The scandal made headlines in 2014 after Sterling’s assistant and side piece V. Stiviano leaked tape in which Sterling was going ballistic on her for taking a photo with Lakers legend Magic Johnson.

In the audio, Sterling said, “It bothers me a lot that you want to broadcast that you’re associating with Black people. Do you have to? You can sleep with [Black people]. You can bring them in, you can do whatever you want. The little I ask you is not to promote it on that … and not to bring them to my games.”

In the same tape, he later told Stiviano, “I’m just saying that it’s too bad you can’t admire him privately, and during your entire f–king life – your whole life — admire him, bring him here, feed him, f–k him, I don’t care. You can do anything. But don’t put him on Instagram for the world to have to see so they have to call me. And don’t bring him to my games. OK?”

His comments rocked the NBA because although it was no secret that Donald Sterling was a friend of systemic racism, the world, his players, the media, have never seen him in action or heard how he truly feels about the many Black players he employs. 

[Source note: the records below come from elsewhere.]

(* Let $N\in\mathbb N_{\ge1}$, $\Delta\mathbf x,\mathbf y,\Delta\mathbf y\in\mathcal T^N_0$ and define $f:[0,1]\times[0,1]\to\mathcal T^N_1$ by $f(s,t)=\exp_N(s\Delta\mathbf x)\exp_N(\mathbf y+t\Delta\mathbf y)\exp_N(-\mathbf y)$. Then $f(0,0)=1$ and $$(\partial_sf)|_{(0,0)}=\Delta\mathbf x,\qquad(\partial_tf)|_{(0,0)}=G(\mathrm{ad}\,\mathbf y)(\Delta\mathbf y).$$ Moreover, for all $n\in\{2,\dots,N\}$, $$\sup_{0\le s,t\le1}\big|(\nabla^2f^{(n)})|_{(s,t)}\big|\le c_n\sum_{\|\ell\|=n,\ |\ell|\ge2}\big(|\Delta\mathbf x^{(l_1)}|+|\Delta\mathbf y^{(l_1)}|\big)\big(|\Delta\mathbf x^{(l_2)}|+|\Delta\mathbf y^{(l_2)}|\big)z_{l_3}\cdots z_{l_k},$$ where $c_n>0$ depends only on $n$, the sum is over $\ell=(l_1,\dots,l_k)\in(\mathbb N_{\ge1})^k$, $k=|\ell|\ge2$, $l_1+\dots+l_k=n$ (empty products equal $1$), and $z_l:=\max\{|\Delta\mathbf x^{(l)}|,|\mathbf y^{(l)}|,|(\mathbf y+\Delta\mathbf y)^{(l)}|\}$ for $l\in\{1,\dots,N-2\}$.
   Context: $\mathcal T^N=\bigoplus_{k=0}^N(\mathbb R^d)^{\otimes k}$ with concatenation product truncated above level $N$; $\mathbf x^{(k)}$ is the level-$k$ component; $\mathcal T^N_0$ ($\mathcal T^N_1$) the elements with scalar part $0$ ($1$); $\exp_N$ the exponential series; $|\cdot|$ the Euclidean norm on $(\mathbb R^d)^{\otimes k}$. $\mathrm{ad}\,\mathbf x(\mathbf y)=\mathbf x\mathbf y-\mathbf y\mathbf x$ and $G(\mathrm{ad}\,\mathbf x)=\sum_{k\ge0}\frac{(\mathrm{ad}\,\mathbf x)^k}{(k+1)!}$. $|\nabla^2f^{(n)}|$ denotes a (fixed) norm of the collection of second-order partial derivatives $\partial_{ss}f^{(n)},\partial_{st}f^{(n)},\partial_{tt}f^{(n)}$ of the level-$n$ component. *)

theory Defs
  imports "HOL-Analysis.Analysis"
begin

text \<open>Truncated tensor algebra over R^d: an element is a function from words
(lists of letters in {0..<d}) to reals, supported on words of length at most N.
The value at a word w is the coefficient of e_w.\<close>

type_synonym tens = "nat list \<Rightarrow> real"

definition words :: "nat \<Rightarrow> nat \<Rightarrow> nat list set" where
  "words d k = {w. length w = k \<and> set w \<subseteq> {..<d}}"

definition in_T :: "nat \<Rightarrow> nat \<Rightarrow> tens \<Rightarrow> bool" where
  "in_T d N x \<longleftrightarrow> (\<forall>w. x w \<noteq> 0 \<longrightarrow> length w \<le> N \<and> set w \<subseteq> {..<d})"

definition in_T0 :: "nat \<Rightarrow> nat \<Rightarrow> tens \<Rightarrow> bool" where
  "in_T0 d N x \<longleftrightarrow> in_T d N x \<and> x [] = 0"

definition tone :: tens where
  "tone w = (if w = [] then 1 else 0)"

definition tadd :: "tens \<Rightarrow> tens \<Rightarrow> tens" where
  "tadd x y = (\<lambda>w. x w + y w)"

definition tscale :: "real \<Rightarrow> tens \<Rightarrow> tens" where
  "tscale a x = (\<lambda>w. a * x w)"

definition tmul :: "nat \<Rightarrow> tens \<Rightarrow> tens \<Rightarrow> tens" where
  "tmul N x y = (\<lambda>w. if length w \<le> N
      then (\<Sum>i\<le>length w. x (take i w) * y (drop i w)) else 0)"

definition tpow :: "nat \<Rightarrow> tens \<Rightarrow> nat \<Rightarrow> tens" where
  "tpow N x k = (tmul N x ^^ k) tone"

text \<open>Truncated exponential; for x with zero scalar part, x^k = 0 for k > N,
so this is the exponential series.\<close>
definition texp :: "nat \<Rightarrow> tens \<Rightarrow> tens" where
  "texp N x = (\<lambda>w. \<Sum>k\<le>N. tpow N x k w / fact k)"

definition tad :: "nat \<Rightarrow> tens \<Rightarrow> tens \<Rightarrow> tens" where
  "tad N x y = (\<lambda>w. tmul N x y w - tmul N y x w)"

text \<open>G(ad x)(y) = sum_k (ad x)^k y / (k+1)!; in the truncated algebra (ad x)^k = 0
for k > N (ad x kills scalars and raises the level), so the series is this finite sum.\<close>
definition tG :: "nat \<Rightarrow> tens \<Rightarrow> tens \<Rightarrow> tens" where
  "tG N x y = (\<lambda>w. \<Sum>k\<le>N. ((tad N x) ^^ k) y w / fact (k + 1))"

definition lnorm :: "nat \<Rightarrow> nat \<Rightarrow> tens \<Rightarrow> real" where
  "lnorm d k x = sqrt (\<Sum>w\<in>words d k. (x w)\<^sup>2)"

definition sigf :: "nat \<Rightarrow> tens \<Rightarrow> tens \<Rightarrow> tens \<Rightarrow> real \<Rightarrow> real \<Rightarrow> tens" where
  "sigf N dx y dy s t =
     tmul N (tmul N (texp N (tscale s dx)) (texp N (tadd y (tscale t dy)))) (texp N (tscale (-1) y))"

definition comps2 :: "nat \<Rightarrow> nat list set" where
  "comps2 n = {ls. (\<forall>l\<in>set ls. 1 \<le> l) \<and> sum_list ls = n \<and> 2 \<le> length ls}"

definition zz :: "nat \<Rightarrow> tens \<Rightarrow> tens \<Rightarrow> tens \<Rightarrow> nat \<Rightarrow> real" where
  "zz d dx y dy l = max (lnorm d l dx) (max (lnorm d l y) (lnorm d l (tadd y dy)))"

When the audio hit the mainstream it blew up and eventually Clippers players and the rest of the NBA were on the brink of boycotting the playoffs if Sterling wasn’t removed as owner.

In an unprecedented move new NBA commissioner Adam Silver wasted no time forcing Sterling to sell the team and disassociating the billionaire with the NBA. 

The Almost Boycott Of 2014

The Great NBA Boycott of 2014 will go down in sports mythology alongside UNLV’s boycott of the ’91 national championship game and the 1964 All-Star Game as one of the grandest near-boycotts of the past half-century. We’ll never know whether or not NBA commissioner Adam Silver banned Donald Sterling for life because of his own outrage or if the players pressured him into taking a step more severe than anyone else imagined he’d take. However, the Warriors reportedly were fully prepared to go through warmups, introductions and then walk off the floor after the tip-off in protest  if Sterling weren’t punished to the fullest extent of the NBA’s bylaws.

Via San Jose Mercury News:

“It would have been our only chance to make a statement in front of the biggest audience that we weren’t going to accept anything but the maximum punishment,” Curry said. “We would deal with the consequences later but we were not going to play.”

Things probably wouldn’t even have gotten that far if Silver had taken a different path. Clippers point guard Chris Paul is the NBPA president and after Sterling’s ban was announced, NBPA Vice President Roger Mason said that the remaining playoff teams were also prepared for a league-wide boycott that would have included the Clippers.

Sterling’s reign of racism started rearing its ugly head in 2006 when the Department of Justice sued Sterling for housing discrimination, alleging Sterling wouldn’t rent apartments he owned to Black or Hispanic people. He also wouldn’t rent to people with children.

Historically, Sterling being a white billionaire and looking down upon others was nothing new at the time, but what made the moment significant is that it represented a new age in the NBA. Where players empowered themselves to strike back against any forms of perceived racism or discrimination. They forced corporate’s hand and ushered in a new era of player activism throughout sports.